LISTED ENTRIES —
lemma leaf_moment_2_closed: "3 \<le> N \<Longrightarrow> leaf_moment 2 N = real N * (3 * real N + 1) / 12"
proof (induction N rule: nat_induct_at_least)
  case base
  show ?case using leaf_moment_recurrences(2)[of 2] by (simp add: leaf_moment_2)
next
  case (Suc n)
  have m1: "leaf_moment 1 n = real n / 2" using Suc.hyps leaf_moment_1_closed by simp
  have "leaf_moment 2 (Suc n) = (1 - 2/n) * leaf_moment 2 n + (2 - 1/n) * leaf_moment 1 n + 1"
    using leaf_moment_recurrences(2)[of n] Suc.hyps by simp
  also have "\<dots> = real (Suc n) * (3 * real (Suc n) + 1) / 12"
    using Suc.hyps unfolding Suc.IH m1 by (simp add: field_simps)
  finally show ?case .
qed

lemma leaf_moment_3_closed: "3 \<le> N \<Longrightarrow> leaf_moment 3 N = real N ^ 2 * (real N + 1) / 8"
proof (induction N rule: nat_induct_at_least)
  case base
  show ?case using leaf_moment_recurrences(3)[of 2] by (simp add: leaf_moment_2)
next
  case (Suc n)
  have m1: "leaf_moment 1 n = real n / 2" using Suc.hyps leaf_moment_1_closed by simp
  have m2: "leaf_moment 2 n = real n * (3 * real n + 1) / 12"
    using Suc.hyps leaf_moment_2_closed by simp
  have "leaf_moment 3 (Suc n) = (1 - 3/n) * leaf_moment 3 n + (3 - 3/n) * leaf_moment 2 n
          + (3 - 1/n) * leaf_moment 1 n + 1"
    using leaf_moment_recurrences(3)[of n] Suc.hyps by simp
  also have "\<dots> = real (Suc n) ^ 2 * (real (Suc n) + 1) / 8"
    using Suc.hyps unfolding Suc.IH m1 m2 by (simp add: field_simps power2_eq_square)
  finally show ?case .
qed

lemma leaf_moment_4_closed:
  "5 \<le> N \<Longrightarrow>
     leaf_moment 4 N = real N * (15 * real N ^ 3 + 30 * real N ^ 2 + 5 * real N - 2) / 240"
proof (induction N rule: nat_induct_at_least)
  case base
  note lower = leaf_moment_1_closed leaf_moment_2_closed leaf_moment_3_closed
  have "leaf_moment 4 3 = 17/2"
    using leaf_moment_recurrences(4)[of 2] by (simp add: leaf_moment_2)
  then have "leaf_moment 4 4 = 73/3"
    using leaf_moment_recurrences(4)[of 3] lower[of 3] by simp
  then show ?case
    using leaf_moment_recurrences(4)[of 4] lower[of 4] by simp
next
  case (Suc n)
  have m1: "leaf_moment 1 n = real n / 2" using Suc.hyps leaf_moment_1_closed by simp
  have m2: "leaf_moment 2 n = real n * (3 * real n + 1) / 12"
    using Suc.hyps leaf_moment_2_closed by simp
  have m3: "leaf_moment 3 n = real n ^ 2 * (real n + 1) / 8"
    using Suc.hyps leaf_moment_3_closed by simp
  have "leaf_moment 4 (Suc n) = (1 - 4/n) * leaf_moment 4 n + (4 - 6/n) * leaf_moment 3 n
          + (6 - 4/n) * leaf_moment 2 n + (4 - 1/n) * leaf_moment 1 n + 1"
    using leaf_moment_recurrences(4)[of n] Suc.hyps by simp
  also have "\<dots> = real (Suc n)
      * (15 * real (Suc n) ^ 3 + 30 * real (Suc n) ^ 2 + 5 * real (Suc n) - 2) / 240"
    using Suc.hyps unfolding Suc.IH m1 m2 m3
    by (simp add: field_simps power2_eq_square power3_eq_cube)
  finally show ?case .
qed

lemma expectation_power_diff:
  fixes p :: "'a pmf" and X :: "'a \<Rightarrow> real"
  assumes "finite (set_pmf p)"
  shows "measure_pmf.expectation p (\<lambda>x. (X x - c) ^ k)
           = (\<Sum>j\<le>k. of_nat (k choose j) * (- c) ^ (k - j)
                         * measure_pmf.expectation p (\<lambda>x. X x ^ j))"
proof -
  have "(X x - c) ^ k = (\<Sum>j\<le>k. of_nat (k choose j) * (- c) ^ (k - j) * X x ^ j)" for x
    using binomial_ring[of "X x" "- c" k] by (simp add: mult_ac)
  then show ?thesis
    using assms by (simp add: Bochner_Integration.integral_sum integrable_measure_pmf_finite)
qed

lemma expectation_leaf_power_diff:
  "measure_pmf.expectation (rrh N) (\<lambda>H. (real (numdeg N 1 H) - c) ^ k)
     = (\<Sum>j\<le>k. of_nat (k choose j) * (- c) ^ (k - j) * leaf_moment j N)"
  unfolding leaf_moment_def by (rule expectation_power_diff[OF finite_set_pmf_rrh])

lemma expectation_leaf_square_diff:
  "measure_pmf.expectation (rrh N) (\<lambda>H. (real (numdeg N 1 H) - c) ^ 2)
     = leaf_moment 2 N - 2 * c * leaf_moment 1 N + c ^ 2"
  unfolding expectation_leaf_power_diff by (simp add: numeral_eq_Suc leaf_moment_0 algebra_simps)

lemma expectation_leaf_cube_diff:
  "measure_pmf.expectation (rrh N) (\<lambda>H. (real (numdeg N 1 H) - c) ^ 3)
     = leaf_moment 3 N - 3 * c * leaf_moment 2 N + 3 * c ^ 2 * leaf_moment 1 N - c ^ 3"
  unfolding expectation_leaf_power_diff by (simp add: numeral_eq_Suc leaf_moment_0 algebra_simps)

lemma expectation_leaf_fourth_power_diff:
  "measure_pmf.expectation (rrh N) (\<lambda>H. (real (numdeg N 1 H) - c) ^ 4)
     = leaf_moment 4 N - 4 * c * leaf_moment 3 N + 6 * c ^ 2 * leaf_moment 2 N
       - 4 * c ^ 3 * leaf_moment 1 N + c ^ 4"
  unfolding expectation_leaf_power_diff by (simp add: numeral_eq_Suc leaf_moment_0 algebra_simps)

theorem mainTheorem3:
  shows "(\<forall>N::nat. N \<ge> 3 \<longrightarrow>
            measure_pmf.expectation (rrh N) (\<lambda>H. real (numdeg N 1 H) ^ 3)
              = real N ^ 2 * (real N + 1) / 8
          \<and> measure_pmf.expectation (rrh N) (\<lambda>H. (real (numdeg N 1 H) - real N / 2) ^ 3) = 0)
       \<and> (\<forall>N::nat. N \<ge> 5 \<longrightarrow>
            measure_pmf.expectation (rrh N) (\<lambda>H. real (numdeg N 1 H) ^ 4)
              = real N * (15 * real N ^ 3 + 30 * real N ^ 2 + 5 * real N - 2) / 240
          \<and> fourth_cumulant (rrh N) (\<lambda>H. real (numdeg N 1 H)) = - real N / 120)"
proof (intro conjI allI impI)
  fix N :: nat assume N: "3 \<le> N"
  have m1: "leaf_moment 1 N = real N / 2" using N leaf_moment_1_closed by simp
  note moments = m1 leaf_moment_2_closed[OF N] leaf_moment_3_closed[OF N]
  show "measure_pmf.expectation (rrh N) (\<lambda>H. real (numdeg N 1 H) ^ 3)
          = real N ^ 2 * (real N + 1) / 8"
    using moments(3) by (simp add: leaf_moment_def)
  show "measure_pmf.expectation (rrh N) (\<lambda>H. (real (numdeg N 1 H) - real N / 2) ^ 3) = 0"
    unfolding expectation_leaf_cube_diff moments
    by (simp add: field_simps power2_eq_square power3_eq_cube)
next
  fix N :: nat assume N: "5 \<le> N"
  have m1: "leaf_moment 1 N = real N / 2" using N leaf_moment_1_closed by simp
  have m2: "leaf_moment 2 N = real N * (3 * real N + 1) / 12"
    using N leaf_moment_2_closed by simp
  have m3: "leaf_moment 3 N = real N ^ 2 * (real N + 1) / 8" using N leaf_moment_3_closed by simp
  note moments = m1 m2 m3 leaf_moment_4_closed[OF N]
  have mean: "measure_pmf.expectation (rrh N) (\<lambda>H. real (numdeg N 1 H)) = real N / 2"
    using m1 by (simp add: leaf_moment_def)
  show "measure_pmf.expectation (rrh N) (\<lambda>H. real (numdeg N 1 H) ^ 4)
          = real N * (15 * real N ^ 3 + 30 * real N ^ 2 + 5 * real N - 2) / 240"
    using moments(4) by (simp add: leaf_moment_def)
  show "fourth_cumulant (rrh N) (\<lambda>H. real (numdeg N 1 H)) = - real N / 120"
    unfolding fourth_cumulant_def mean expectation_leaf_fourth_power_diff
      expectation_leaf_square_diff moments
    by (simp add: field_simps power2_eq_square power3_eq_cube power4_eq_xxxx)
qed

end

TASK PROMPT —
Output the line bearing "using N leaf_moment_2_closed by simp" along with all the lines after it through the end of the entries, exactly, and no other lines.

SOLUTION —
    using N leaf_moment_2_closed by simp
  have m3: "leaf_moment 3 N = real N ^ 2 * (real N + 1) / 8" using N leaf_moment_3_closed by simp
  note moments = m1 m2 m3 leaf_moment_4_closed[OF N]
  have mean: "measure_pmf.expectation (rrh N) (\<lambda>H. real (numdeg N 1 H)) = real N / 2"
    using m1 by (simp add: leaf_moment_def)
  show "measure_pmf.expectation (rrh N) (\<lambda>H. real (numdeg N 1 H) ^ 4)
          = real N * (15 * real N ^ 3 + 30 * real N ^ 2 + 5 * real N - 2) / 240"
    using moments(4) by (simp add: leaf_moment_def)
  show "fourth_cumulant (rrh N) (\<lambda>H. real (numdeg N 1 H)) = - real N / 120"
    unfolding fourth_cumulant_def mean expectation_leaf_fourth_power_diff
      expectation_leaf_square_diff moments
    by (simp add: field_simps power2_eq_square power3_eq_cube power4_eq_xxxx)
qed

end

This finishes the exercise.